Well for one, I’d like to see us get this pandemic under control because I think there is no economic recovery. We can’t even really start a conversation about economic recovery until we figure out how we’re going to get this virus in control.
And there are too many Americans whose health but also livelihoods depend on better leadership from the top. So that’s the first thing that I hope we get there on, and I think that’s such a huge opportunity for the tech and innovation community to step up to the plate and play a part in it. Because we know how vital science and scientific and tech breakthroughs are going to be in the development of treatment and the widespread accessibility of it.
So that’s a big one, but the other thing is I want us to have a set of forward-looking policies that really look at getting the economy working for more Americans. It’s a lot of the themes that you and I have spoken about today, Alex, but I think we’ve gotten the opportunity with the new administration to focus on some of these nonpartisan conversations around how we get the American economy working for more Americans.
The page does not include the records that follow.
lemma tendsto_mpost_kernel_difference_quotient:
  "((\<lambda>e. (mpost_kernel \<Theta> \<pi> \<rho> n xs x0 e t - base_kernel t) / e)
     \<longlongrightarrow> - real n * (loss_gap x0 t * base_kernel t)) (at_right 0)"
proof -
  have "((\<lambda>e. mpost_kernel \<Theta> \<pi> \<rho> n xs x0 e t) has_real_derivative
      - real n * (loss_gap x0 t * base_kernel t)) (at_right 0)"
    by (rule has_field_derivative_at_within[OF has_real_derivative_mpost_kernel])
  then show ?thesis by (simp add: has_field_derivative_iff mpost_kernel_0)
qed

lemma has_real_derivative_mass:
  assumes x0: "x0 \<in> X" and env: "set_integrable lborel \<Theta> (\<lambda>t. (1 + \<bar>t\<bar>) * envelope t)"
  shows "((\<lambda>e. LINT t:\<Theta>|lborel. mpost_kernel \<Theta> \<pi> \<rho> n xs x0 e t) has_real_derivative
           - real n * (LINT t:\<Theta>|lborel. loss_gap x0 t * base_kernel t)) (at_right 0)"
proof -
  define C where "C = 2 * exp (- real n * L / 2) * real n * (\<bar>loss_gap x0 0\<bar> + 2 * M)"
  have int_gap: "integrable lborel (\<lambda>t. indicator \<Theta> t *\<^sub>R (- real n * (loss_gap x0 t * base_kernel t)))"
    using set_integrable_mult_right[OF set_integrable_loss_gap_mult_base_kernel[OF x0 env], of "- real n"]
    by (simp add: set_integrable_def)
  have "((\<lambda>e. LINT t:\<Theta>|lborel. mpost_kernel \<Theta> \<pi> \<rho> n xs x0 e t) has_real_derivative
           (LINT t:\<Theta>|lborel. - real n * (loss_gap x0 t * base_kernel t))) (at_right 0)"
    unfolding set_lebesgue_integral_def
  proof (rule has_real_derivative_integral_at_right[where \<delta>="1 / 2"
        and w="\<lambda>t. indicator \<Theta> t *\<^sub>R (C * ((1 + \<bar>t\<bar>) * envelope t))"])
    show "(\<lambda>t. indicator \<Theta> t *\<^sub>R mpost_kernel \<Theta> \<pi> \<rho> n xs x0 e t) \<in> borel_measurable lborel" for e
      using set_borel_measurable_mpost_kernel[OF x0] by (simp add: set_borel_measurable_def)
    show "integrable lborel (\<lambda>t. indicator \<Theta> t *\<^sub>R mpost_kernel \<Theta> \<pi> \<rho> n xs x0 0 t)"
      using set_integrable_base_kernel by (simp add: set_integrable_def mpost_kernel_0)
    show "integrable lborel (\<lambda>t. indicator \<Theta> t *\<^sub>R (C * ((1 + \<bar>t\<bar>) * envelope t)))"
      using set_integrable_mult_right[OF env, of C] by (simp add: set_integrable_def)
    show "AE t in lborel. ((\<lambda>e. (indicator \<Theta> t *\<^sub>R mpost_kernel \<Theta> \<pi> \<rho> n xs x0 e t
          - indicator \<Theta> t *\<^sub>R mpost_kernel \<Theta> \<pi> \<rho> n xs x0 0 t) / e)
        \<longlongrightarrow> indicator \<Theta> t *\<^sub>R (- real n * (loss_gap x0 t * base_kernel t))) (at_right 0)"
      using tendsto_mpost_kernel_difference_quotient
      by (intro AE_I2) (simp add: indicator_def mpost_kernel_0)
    show "AE t in lborel. \<bar>indicator \<Theta> t *\<^sub>R mpost_kernel \<Theta> \<pi> \<rho> n xs x0 e t
          - indicator \<Theta> t *\<^sub>R mpost_kernel \<Theta> \<pi> \<rho> n xs x0 0 t\<bar>
        \<le> e * (indicator \<Theta> t *\<^sub>R (C * ((1 + \<bar>t\<bar>) * envelope t)))"
      if "0 < e" "e \<le> 1 / 2" for e
      using mpost_kernel_increment_le[OF x0 that] that
      by (intro AE_I2) (simp add: indicator_def mpost_kernel_0 C_def)
    show "(\<lambda>t. indicator \<Theta> t *\<^sub>R (- real n * (loss_gap x0 t * base_kernel t))) \<in> borel_measurable lborel"
      using int_gap by (rule borel_measurable_integrable)
  qed simp
  then show ?thesis unfolding set_integral_mult_right .
qed

lemma has_real_derivative_mpost:
  assumes x0: "x0 \<in> X" and \<theta>: "\<theta> \<in> \<Theta>"
    and env: "set_integrable lborel \<Theta> (\<lambda>t. (1 + \<bar>t\<bar>) * envelope t)"
  shows "((\<lambda>e. mpost \<Theta> \<pi> \<rho> n xs x0 e \<theta>) has_real_derivative
      real n * base_kernel \<theta> * (LINT t:\<Theta>|lborel. (loss_gap x0 t - loss_gap x0 \<theta>) * base_kernel t)
        / base_mass\<^sup>2) (at 0 within {0..1})"
proof -
  define I where "I = (LINT t:\<Theta>|lborel. loss_gap x0 t * base_kernel t)"
  have deriv: "((\<lambda>e. mpost \<Theta> \<pi> \<rho> n xs x0 e \<theta>) has_real_derivative
      ((- real n * (loss_gap x0 \<theta> * base_kernel \<theta>)) * base_mass - base_kernel \<theta> * (- real n * I))
        / (base_mass * base_mass)) (at_right 0)"
    using DERIV_divide[OF has_field_derivative_at_within[OF has_real_derivative_mpost_kernel]
        has_real_derivative_mass[OF x0 env]] base_mass_pos
    by (simp add: mpost_def[abs_def] mpost_kernel_0 I_def flip: base_mass_def)
  have J: "(LINT t:\<Theta>|lborel. (loss_gap x0 t - loss_gap x0 \<theta>) * base_kernel t)
      = I - loss_gap x0 \<theta> * base_mass"
    using set_integrable_loss_gap_mult_base_kernel[OF x0 env] set_integrable_base_kernel
    by (simp add: I_def base_mass_def left_diff_distrib set_integral_diff)
  have D: "((- real n * (loss_gap x0 \<theta> * base_kernel \<theta>)) * base_mass - base_kernel \<theta> * (- real n * I))
        / (base_mass * base_mass)
      = real n * base_kernel \<theta> * (I - loss_gap x0 \<theta> * base_mass) / base_mass\<^sup>2"
    by (simp add: power2_eq_square algebra_simps)
  from deriv show ?thesis
    unfolding at_within_Icc_at_right[OF zero_less_one] J D .
qed

lemma abs_integral_loss_gap_increment_le:
  assumes x0: "x0 \<in> X" and \<theta>: "\<theta> \<in> \<Theta>"
    and env: "set_integrable lborel \<Theta> (\<lambda>t. (1 + \<bar>t\<bar>) * envelope t)"
  shows "\<bar>LINT t:\<Theta>|lborel. (loss_gap x0 t - loss_gap x0 \<theta>) * base_kernel t\<bar>
    \<le> 2 * M * (LINT t:\<Theta>|lborel. \<bar>t\<bar> * base_kernel t) + 2 * M * \<bar>\<theta>\<bar> * base_mass"
proof -
  define A where "A = (LINT t:\<Theta>|lborel. \<bar>t\<bar> * base_kernel t)"
  define I where "I = (LINT t:\<Theta>|lborel. (loss_gap x0 t - loss_gap x0 \<theta>) * base_kernel t)"
  have intA: "set_integrable lborel \<Theta> (\<lambda>t. \<bar>t\<bar> * base_kernel t)"
    using set_integrable_abs_mult_base_kernel[OF env] .
  have intI: "set_integrable lborel \<Theta> (\<lambda>t. (loss_gap x0 t - loss_gap x0 \<theta>) * base_kernel t)"
    unfolding left_diff_distrib
    by (intro set_integral_diff set_integrable_mult_right set_integrable_loss_gap_mult_base_kernel
        x0 env set_integrable_base_kernel)
  have "\<bar>I\<bar> \<le> (LINT t:\<Theta>|lborel. \<bar>(loss_gap x0 t - loss_gap x0 \<theta>) * base_kernel t\<bar>)"
    using set_integral_norm_bound[OF intI] by (simp add: I_def)
  also have "\<dots> \<le> (LINT t:\<Theta>|lborel. 2 * M * (\<bar>t\<bar> * base_kernel t) + 2 * M * \<bar>\<theta>\<bar> * base_kernel t)"
  proof (rule set_integral_mono)
    show "set_integrable lborel \<Theta> (\<lambda>t. 2 * M * (\<bar>t\<bar> * base_kernel t) + 2 * M * \<bar>\<theta>\<bar> * base_kernel t)"
      by (intro set_integral_add set_integrable_mult_right intA set_integrable_base_kernel)
    fix t assume t: "t \<in> \<Theta>"
    have "\<bar>loss_gap x0 t - loss_gap x0 \<theta>\<bar> \<le> 2 * M * (\<bar>t\<bar> + \<bar>\<theta>\<bar>)"
      using loss_gap_lipschitz[OF x0 t \<theta>] score_bound_nonneg abs_triangle_ineq4[of t \<theta>]
      by (smt (verit, best) mult_left_mono)
    then have "\<bar>loss_gap x0 t - loss_gap x0 \<theta>\<bar> * base_kernel t \<le> 2 * M * (\<bar>t\<bar> + \<bar>\<theta>\<bar>) * base_kernel t"
      using base_kernel_nonneg[OF t] by (rule mult_right_mono)
    moreover have "\<bar>(loss_gap x0 t - loss_gap x0 \<theta>) * base_kernel t\<bar>
        = \<bar>loss_gap x0 t - loss_gap x0 \<theta>\<bar> * base_kernel t"
      using base_kernel_nonneg[OF t] by (simp add: abs_mult)
    ultimately show "\<bar>(loss_gap x0 t - loss_gap x0 \<theta>) * base_kernel t\<bar>
        \<le> 2 * M * (\<bar>t\<bar> * base_kernel t) + 2 * M * \<bar>\<theta>\<bar> * base_kernel t"
      by (simp add: algebra_simps)
  qed (use set_integrable_abs[OF intI] in simp)
  also have "\<dots> = 2 * M * A + 2 * M * \<bar>\<theta>\<bar> * base_mass"
  proof -
    have "set_integrable lborel \<Theta> (\<lambda>t. 2 * M * (\<bar>t\<bar> * base_kernel t))"
      "set_integrable lborel \<Theta> (\<lambda>t. 2 * M * \<bar>\<theta>\<bar> * base_kernel t)"
      by (intro set_integrable_mult_right intA set_integrable_base_kernel)+
    then show ?thesis by (simp add: A_def base_mass_def)
  qed
  finally show ?thesis by (simp add: A_def I_def)
qed

lemma abs_influence_le:
  assumes x0: "x0 \<in> X" and \<theta>: "\<theta> \<in> \<Theta>"
    and env: "set_integrable lborel \<Theta> (\<lambda>t. (1 + \<bar>t\<bar>) * envelope t)"
    and K: "\<And>t. t \<in> \<Theta> \<Longrightarrow> base_kernel t * \<bar>t\<bar> \<le> K"
  shows "\<bar>real n * base_kernel \<theta> * (LINT t:\<Theta>|lborel. (loss_gap x0 t - loss_gap x0 \<theta>) * base_kernel t)
        / base_mass\<^sup>2\<bar>
    \<le> 2 * M * real n * (P * exp (- real n * L) * (LINT t:\<Theta>|lborel. \<bar>t\<bar> * base_kernel t)
        + K * base_mass) / base_mass\<^sup>2"
proof -
  define A where "A = (LINT t:\<Theta>|lborel. \<bar>t\<bar> * base_kernel t)"
  define I where "I = (LINT t:\<Theta>|lborel. (loss_gap x0 t - loss_gap x0 \<theta>) * base_kernel t)"
  have "(LINT t:\<Theta>|lborel. 0) \<le> A"
    unfolding A_def
    by (rule set_integral_mono[OF _ set_integrable_abs_mult_base_kernel[OF env]])
      (auto simp: base_kernel_nonneg set_integrable_def)
  then have A_nonneg: "0 \<le> A" by simp
  have I_le: "\<bar>I\<bar> \<le> 2 * M * A + 2 * M * \<bar>\<theta>\<bar> * base_mass"
    unfolding A_def I_def by (rule abs_integral_loss_gap_increment_le[OF x0 \<theta> env])
  have "base_kernel \<theta> * \<bar>I\<bar> \<le> base_kernel \<theta> * (2 * M * A + 2 * M * \<bar>\<theta>\<bar> * base_mass)"
    using I_le base_kernel_nonneg[OF \<theta>] by (rule mult_left_mono)
  also have "\<dots> = 2 * M * (base_kernel \<theta> * A + (base_kernel \<theta> * \<bar>\<theta>\<bar>) * base_mass)"
    by (simp add: algebra_simps)
  also have "\<dots> \<le> 2 * M * (P * exp (- real n * L) * A + K * base_mass)"
    using base_kernel_le[OF \<theta>] K[OF \<theta>] A_nonneg base_mass_pos score_bound_nonneg
    by (intro mult_left_mono add_mono mult_right_mono) auto
  finally have "real n * (base_kernel \<theta> * \<bar>I\<bar>) / base_mass\<^sup>2
      \<le> real n * (2 * M * (P * exp (- real n * L) * A + K * base_mass)) / base_mass\<^sup>2"
    by (intro divide_right_mono mult_left_mono) auto
  then show ?thesis
    using base_kernel_nonneg[OF \<theta>] by (simp add: A_def I_def abs_mult mult_ac)
qed

lemma unif_B_robust_of_moments:
  assumes env: "set_integrable lborel \<Theta> (\<lambda>t. (1 + \<bar>t\<bar>) * envelope t)"
    and K: "\<And>t. t \<in> \<Theta> \<Longrightarrow> base_kernel t * \<bar>t\<bar> \<le> K"
  shows "unif_B_robust X \<Theta> \<pi> \<rho> n xs"
  unfolding unif_B_robust_def
  using has_real_derivative_mpost[OF _ _ env] abs_influence_le[OF _ _ env K] by blast

lemma envelope_moment_of_prior_moment:
  assumes "set_integrable lborel \<Theta> (\<lambda>\<theta>. \<bar>\<theta>\<bar> * \<pi> \<theta>)"
  shows "set_integrable lborel \<Theta> (\<lambda>t. (1 + \<bar>t\<bar>) * envelope t)"
proof (rule set_integrable_bound[OF _ set_borel_measurable_envelope_moment])
  have "set_integrable lborel \<Theta> (indicator {-1..1} :: real \<Rightarrow> real)"
    unfolding set_integrable_def using Theta_borel
    by (intro integrable_mult_indicator integrable_real_indicator) auto
  then show "set_integrable lborel \<Theta>
      (\<lambda>t. exp (- real n * L / 2) * (2 * P * indicator {-1..1} t + 2 * (\<bar>t\<bar> * \<pi> t)))"
    using assms by (intro set_integrable_mult_right set_integral_add) auto
  show "AE t in lborel. t \<in> \<Theta> \<longrightarrow> norm ((1 + \<bar>t\<bar>) * envelope t)
      \<le> norm (exp (- real n * L / 2) * (2 * P * indicator {-1..1} t + 2 * (\<bar>t\<bar> * \<pi> t)))"
  proof (intro AE_I2 impI)
    fix t assume t: "t \<in> \<Theta>"
    have \<pi>t: "0 \<le> \<pi> t" "\<pi> t \<le> P" using prior_nonneg[OF t] prior_le[OF t] by auto
    have "(1 + \<bar>t\<bar>) * \<pi> t \<le> 2 * P * indicator {-1..1} t + 2 * (\<bar>t\<bar> * \<pi> t)"
    proof (cases "\<bar>t\<bar> \<le> 1")
      case True
      then have "(1 + \<bar>t\<bar>) * \<pi> t \<le> 2 * P" using \<pi>t mult_mono[of "1 + \<bar>t\<bar>" 2 "\<pi> t" P] by simp
      moreover have "0 \<le> \<bar>t\<bar> * \<pi> t" using \<pi>t by simp
      ultimately show ?thesis using True by (simp add: indicator_def abs_le_iff)
    next
      case False
      then have "(1 + \<bar>t\<bar>) * \<pi> t \<le> 2 * (\<bar>t\<bar> * \<pi> t)"
        using \<pi>t mult_right_mono[of "1 + \<bar>t\<bar>" "2 * \<bar>t\<bar>" "\<pi> t"] by simp
      then show ?thesis using prior_bound_nonneg by (simp add: indicator_def)
    qed
    then have "exp (- real n * L / 2) * ((1 + \<bar>t\<bar>) * \<pi> t)
        \<le> exp (- real n * L / 2) * (2 * P * indicator {-1..1} t + 2 * (\<bar>t\<bar> * \<pi> t))"
      by (rule mult_left_mono) simp
    moreover have "(1 + \<bar>t\<bar>) * envelope t \<le> exp (- real n * L / 2) * ((1 + \<bar>t\<bar>) * \<pi> t)"
      using mult_left_mono[OF envelope_le[OF t], of "1 + \<bar>t\<bar>"] by (simp add: mult_ac)
    ultimately have "(1 + \<bar>t\<bar>) * envelope t
        \<le> exp (- real n * L / 2) * (2 * P * indicator {-1..1} t + 2 * (\<bar>t\<bar> * \<pi> t))"
      by linarith
    then show "norm ((1 + \<bar>t\<bar>) * envelope t)
        \<le> norm (exp (- real n * L / 2) * (2 * P * indicator {-1..1} t + 2 * (\<bar>t\<bar> * \<pi> t)))"
      using envelope_nonneg[OF t] by simp
  qed
qed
And maybe that starts with things like student loan forgiveness and an economic stimulus and relief for families and small business owners across the country. But forward-looking, I think it’s got to be a lot more than that and really look at the breakdown of capital versus labor in this country and who has access to those two things.
And just looking at the composition of the transition team for the Biden-Harris administration and how incredibly diverse it is in gender, in race but also in thinking [and] socioeconomic background. I’m really hopeful, I think this could be one of the boldest periods of leadership on economic issues that America’s seen in a long time.
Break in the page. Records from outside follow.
lemma exists_meas_between:
  fixes m :: "'v \<Rightarrow> real"
  assumes "finite S" "0 \<le> a" "2 * a \<le> b" "\<forall>x\<in>S. m x \<le> b" "a \<le> meas m S"
  shows "\<exists>A\<subseteq>S. a \<le> meas m A \<and> meas m A \<le> b"
  using assms(1,4,5)
proof (induction S rule: finite_induct)
  case empty
  then show ?case using assms(2,3) by auto
next
  case (insert x S)
  have insert_eq: "meas m (insert x S) = m x + meas m S"
    using insert.hyps by (simp add: meas_def)
  consider "a \<le> meas m S" | "meas m (insert x S) \<le> b" | "meas m S < a" "b < m x + meas m S"
    using insert_eq by linarith
  then show ?case
  proof cases
    case 1
    then show ?thesis using insert by blast
  next
    case 2
    then show ?thesis using insert.prems by blast
  next
    case 3
    then have "a \<le> meas m {x} \<and> meas m {x} \<le> b"
      using assms(3) insert.prems(1) by (simp add: meas_def)
    then show ?thesis by blast
  qed
qed

lemma exists_ne_of_card_UNIV_ge_2:
  assumes "card (UNIV :: 'v::finite set) \<ge> 2"
  shows "\<exists>y. y \<noteq> (x :: 'v)"
proof (rule ccontr)
  assume "\<nexists>y. y \<noteq> x"
  then have "card (UNIV :: 'v set) \<le> 1"
    using card_le_Suc0_iff_eq[of "UNIV :: 'v set"] by (simp, metis)
  then show False
    using assms by simp
qed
Okay, so help end the coronavirus and then think about student loan forgiveness—is there anything else that you’d be interested in pursuing?
Student loan forgiveness would be part of just a much broader-based economic reimagining. So I think that could include a host of things, including reinvestment in underprivileged communities, focusing on advancing home ownership for more parts of the country, focusing on minimum wage and what that looks like. We saw some important advances with the ballot box around those questions two weeks ago, but I think there’s more to be done under federal leadership there.
And then for tech companies out there, if there’s a few things that they could do differently, what would you recommend?
Focus on their core products and platforms and ask those hard questions about how their products and platforms are supporting or undermining democracy, and who they’re working for and why, and how we ensure that they work for more people. That’s a big part of it. And then the second is to look internally because it’s not just what our companies build, it’s also how we build them.
So these conversations that we’ve been having for a while around the diversity, or apparent lack thereof in our boardrooms, in our management teams, and our employee bases, it’s a really important moment to be asking those questions.
These are the things that we have control over—what we build and how we build it—so I’d love to see more of us asking these kinds of hard questions and pushing ourselves to choose between right and wrong. Get in there, and get uncomfortable.